WHAT YOU HAVE TO DO: Find each line below that includes "carriers", then copy it.

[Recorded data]

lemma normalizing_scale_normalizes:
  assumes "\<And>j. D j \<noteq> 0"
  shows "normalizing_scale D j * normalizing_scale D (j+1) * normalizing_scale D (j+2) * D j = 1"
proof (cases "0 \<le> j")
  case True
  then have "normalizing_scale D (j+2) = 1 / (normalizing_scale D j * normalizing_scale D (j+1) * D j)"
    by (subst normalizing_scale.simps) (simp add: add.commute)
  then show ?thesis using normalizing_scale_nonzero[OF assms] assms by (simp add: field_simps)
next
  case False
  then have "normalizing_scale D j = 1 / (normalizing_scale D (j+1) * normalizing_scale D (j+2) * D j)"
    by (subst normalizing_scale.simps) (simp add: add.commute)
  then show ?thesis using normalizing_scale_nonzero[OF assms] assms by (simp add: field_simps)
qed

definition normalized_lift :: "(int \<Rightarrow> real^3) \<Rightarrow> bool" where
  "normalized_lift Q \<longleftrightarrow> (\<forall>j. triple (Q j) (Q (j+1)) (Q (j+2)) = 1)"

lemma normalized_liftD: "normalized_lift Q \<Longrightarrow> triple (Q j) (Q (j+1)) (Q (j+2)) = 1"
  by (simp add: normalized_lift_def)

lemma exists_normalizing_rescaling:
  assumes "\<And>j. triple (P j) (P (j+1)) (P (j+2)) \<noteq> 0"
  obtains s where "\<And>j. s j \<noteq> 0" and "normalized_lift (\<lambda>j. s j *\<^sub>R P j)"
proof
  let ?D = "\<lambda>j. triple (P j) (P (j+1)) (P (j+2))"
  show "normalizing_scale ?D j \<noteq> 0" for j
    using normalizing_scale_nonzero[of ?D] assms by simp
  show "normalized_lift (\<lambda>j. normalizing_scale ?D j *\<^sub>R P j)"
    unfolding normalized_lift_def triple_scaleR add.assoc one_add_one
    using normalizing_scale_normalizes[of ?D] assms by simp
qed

---

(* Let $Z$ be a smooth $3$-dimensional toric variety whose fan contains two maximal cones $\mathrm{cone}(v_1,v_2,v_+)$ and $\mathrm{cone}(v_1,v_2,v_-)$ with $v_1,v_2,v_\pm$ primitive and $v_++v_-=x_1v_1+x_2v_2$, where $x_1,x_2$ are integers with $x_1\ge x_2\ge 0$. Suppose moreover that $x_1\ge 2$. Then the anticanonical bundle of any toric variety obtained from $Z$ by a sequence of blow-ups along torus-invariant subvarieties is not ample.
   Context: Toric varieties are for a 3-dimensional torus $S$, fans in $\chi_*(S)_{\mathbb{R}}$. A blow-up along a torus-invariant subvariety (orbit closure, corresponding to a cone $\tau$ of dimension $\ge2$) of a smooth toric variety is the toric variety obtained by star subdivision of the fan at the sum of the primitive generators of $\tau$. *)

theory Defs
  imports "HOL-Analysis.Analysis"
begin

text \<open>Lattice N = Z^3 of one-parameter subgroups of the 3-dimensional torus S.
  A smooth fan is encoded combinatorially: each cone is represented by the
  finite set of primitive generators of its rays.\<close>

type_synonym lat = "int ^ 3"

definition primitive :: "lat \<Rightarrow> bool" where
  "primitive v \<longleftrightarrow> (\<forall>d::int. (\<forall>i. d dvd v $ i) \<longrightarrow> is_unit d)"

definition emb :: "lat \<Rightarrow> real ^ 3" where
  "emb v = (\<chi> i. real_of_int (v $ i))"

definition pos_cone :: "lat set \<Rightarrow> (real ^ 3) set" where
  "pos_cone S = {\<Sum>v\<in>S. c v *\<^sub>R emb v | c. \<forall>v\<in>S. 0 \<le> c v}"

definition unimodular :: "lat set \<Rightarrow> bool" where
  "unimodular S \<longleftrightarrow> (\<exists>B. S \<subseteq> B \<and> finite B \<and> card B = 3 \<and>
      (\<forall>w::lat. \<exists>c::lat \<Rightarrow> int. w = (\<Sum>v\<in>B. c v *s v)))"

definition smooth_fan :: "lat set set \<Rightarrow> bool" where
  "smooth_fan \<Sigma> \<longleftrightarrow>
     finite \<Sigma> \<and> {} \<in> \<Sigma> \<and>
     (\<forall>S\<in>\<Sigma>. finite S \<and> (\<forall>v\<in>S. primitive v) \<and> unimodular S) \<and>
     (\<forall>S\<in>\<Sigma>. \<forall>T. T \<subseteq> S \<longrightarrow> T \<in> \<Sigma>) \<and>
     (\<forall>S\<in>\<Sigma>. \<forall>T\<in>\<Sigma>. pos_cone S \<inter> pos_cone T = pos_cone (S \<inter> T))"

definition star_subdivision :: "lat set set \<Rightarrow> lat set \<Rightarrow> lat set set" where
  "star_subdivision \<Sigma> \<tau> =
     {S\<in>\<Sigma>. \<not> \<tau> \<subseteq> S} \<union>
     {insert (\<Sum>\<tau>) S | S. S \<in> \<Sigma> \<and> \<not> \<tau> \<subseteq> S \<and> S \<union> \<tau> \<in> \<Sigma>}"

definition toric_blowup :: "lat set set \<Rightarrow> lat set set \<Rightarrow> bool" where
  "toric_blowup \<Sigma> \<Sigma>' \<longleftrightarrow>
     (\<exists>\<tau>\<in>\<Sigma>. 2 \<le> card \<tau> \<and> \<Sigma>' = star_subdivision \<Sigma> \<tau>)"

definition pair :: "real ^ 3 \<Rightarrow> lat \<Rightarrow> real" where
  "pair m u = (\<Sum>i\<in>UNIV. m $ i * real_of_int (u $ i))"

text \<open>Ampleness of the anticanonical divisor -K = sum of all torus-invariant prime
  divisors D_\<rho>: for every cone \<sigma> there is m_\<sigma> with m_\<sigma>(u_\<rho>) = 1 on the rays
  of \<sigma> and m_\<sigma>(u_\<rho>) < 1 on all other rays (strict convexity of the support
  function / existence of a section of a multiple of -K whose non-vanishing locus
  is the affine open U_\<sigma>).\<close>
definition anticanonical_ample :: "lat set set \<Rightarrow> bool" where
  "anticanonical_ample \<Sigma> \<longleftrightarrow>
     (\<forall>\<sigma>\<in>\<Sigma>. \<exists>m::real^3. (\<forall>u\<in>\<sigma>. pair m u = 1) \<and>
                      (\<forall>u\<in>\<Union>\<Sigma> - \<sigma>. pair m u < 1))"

---

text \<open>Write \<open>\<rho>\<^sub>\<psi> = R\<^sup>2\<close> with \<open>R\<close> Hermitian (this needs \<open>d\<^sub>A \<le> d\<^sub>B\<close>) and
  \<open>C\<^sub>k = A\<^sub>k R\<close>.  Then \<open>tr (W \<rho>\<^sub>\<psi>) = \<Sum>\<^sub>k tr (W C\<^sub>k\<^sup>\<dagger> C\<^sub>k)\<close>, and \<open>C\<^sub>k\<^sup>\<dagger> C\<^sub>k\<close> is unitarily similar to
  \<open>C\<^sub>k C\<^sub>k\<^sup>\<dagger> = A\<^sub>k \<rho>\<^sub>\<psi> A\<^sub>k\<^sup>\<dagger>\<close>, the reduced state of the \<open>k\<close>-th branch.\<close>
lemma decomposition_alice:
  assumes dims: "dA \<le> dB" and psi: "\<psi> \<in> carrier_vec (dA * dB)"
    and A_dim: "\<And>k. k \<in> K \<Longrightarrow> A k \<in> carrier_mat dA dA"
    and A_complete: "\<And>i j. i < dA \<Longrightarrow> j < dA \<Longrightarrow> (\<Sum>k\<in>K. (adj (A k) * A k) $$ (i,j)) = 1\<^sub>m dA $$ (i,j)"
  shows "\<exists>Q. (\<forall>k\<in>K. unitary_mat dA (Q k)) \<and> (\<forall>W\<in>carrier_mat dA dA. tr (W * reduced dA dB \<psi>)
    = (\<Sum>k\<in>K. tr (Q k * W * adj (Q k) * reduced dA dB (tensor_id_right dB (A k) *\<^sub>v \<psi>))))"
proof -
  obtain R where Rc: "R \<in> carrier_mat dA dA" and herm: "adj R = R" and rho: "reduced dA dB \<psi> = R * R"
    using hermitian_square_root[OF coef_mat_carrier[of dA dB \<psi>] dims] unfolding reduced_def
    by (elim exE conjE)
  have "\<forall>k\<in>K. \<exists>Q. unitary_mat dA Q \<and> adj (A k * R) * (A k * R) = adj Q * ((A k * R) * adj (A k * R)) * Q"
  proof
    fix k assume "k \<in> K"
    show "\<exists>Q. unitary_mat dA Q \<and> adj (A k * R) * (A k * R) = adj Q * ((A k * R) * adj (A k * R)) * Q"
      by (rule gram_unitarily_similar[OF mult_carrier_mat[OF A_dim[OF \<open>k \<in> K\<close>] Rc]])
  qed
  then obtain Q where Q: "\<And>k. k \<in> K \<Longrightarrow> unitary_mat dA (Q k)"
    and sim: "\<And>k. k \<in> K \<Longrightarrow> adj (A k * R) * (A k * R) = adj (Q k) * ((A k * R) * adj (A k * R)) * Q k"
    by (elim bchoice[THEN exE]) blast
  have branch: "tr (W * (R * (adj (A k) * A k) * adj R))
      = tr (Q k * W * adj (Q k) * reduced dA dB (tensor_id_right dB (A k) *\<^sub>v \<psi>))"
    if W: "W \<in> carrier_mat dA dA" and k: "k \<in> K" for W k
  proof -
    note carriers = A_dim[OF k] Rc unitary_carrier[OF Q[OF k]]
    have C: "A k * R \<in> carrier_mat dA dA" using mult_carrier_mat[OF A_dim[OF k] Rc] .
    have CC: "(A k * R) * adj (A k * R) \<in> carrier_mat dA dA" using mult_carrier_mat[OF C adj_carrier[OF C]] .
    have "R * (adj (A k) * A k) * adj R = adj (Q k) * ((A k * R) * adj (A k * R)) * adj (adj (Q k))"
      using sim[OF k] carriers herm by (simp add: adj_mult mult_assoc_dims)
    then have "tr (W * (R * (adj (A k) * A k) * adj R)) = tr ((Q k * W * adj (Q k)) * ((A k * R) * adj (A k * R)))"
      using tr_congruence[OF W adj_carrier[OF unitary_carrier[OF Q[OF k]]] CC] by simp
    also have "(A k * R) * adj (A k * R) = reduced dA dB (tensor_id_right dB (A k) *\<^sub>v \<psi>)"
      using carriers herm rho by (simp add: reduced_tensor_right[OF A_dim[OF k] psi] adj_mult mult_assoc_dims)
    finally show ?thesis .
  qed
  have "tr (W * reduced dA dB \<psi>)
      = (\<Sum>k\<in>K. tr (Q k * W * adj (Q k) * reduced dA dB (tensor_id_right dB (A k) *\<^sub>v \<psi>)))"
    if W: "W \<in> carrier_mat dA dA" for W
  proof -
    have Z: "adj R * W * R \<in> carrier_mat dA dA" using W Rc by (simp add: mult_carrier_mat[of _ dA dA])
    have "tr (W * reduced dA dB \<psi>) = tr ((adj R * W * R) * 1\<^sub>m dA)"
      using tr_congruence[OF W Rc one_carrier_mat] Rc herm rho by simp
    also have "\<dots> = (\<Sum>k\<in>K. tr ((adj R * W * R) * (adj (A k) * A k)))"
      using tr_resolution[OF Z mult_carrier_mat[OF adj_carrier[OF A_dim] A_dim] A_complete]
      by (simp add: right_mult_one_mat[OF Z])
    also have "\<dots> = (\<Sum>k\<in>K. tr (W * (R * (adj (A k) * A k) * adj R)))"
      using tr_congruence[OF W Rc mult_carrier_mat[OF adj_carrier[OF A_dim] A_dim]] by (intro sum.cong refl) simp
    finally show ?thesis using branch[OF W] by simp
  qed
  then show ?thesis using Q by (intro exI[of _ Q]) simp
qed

RESULT:
    note carriers = A_dim[OF k] Rc unitary_carrier[OF Q[OF k]]
      using sim[OF k] carriers herm by (simp add: adj_mult mult_assoc_dims)
      using carriers herm rho by (simp add: reduced_tensor_right[OF A_dim[OF k] psi] adj_mult mult_assoc_dims)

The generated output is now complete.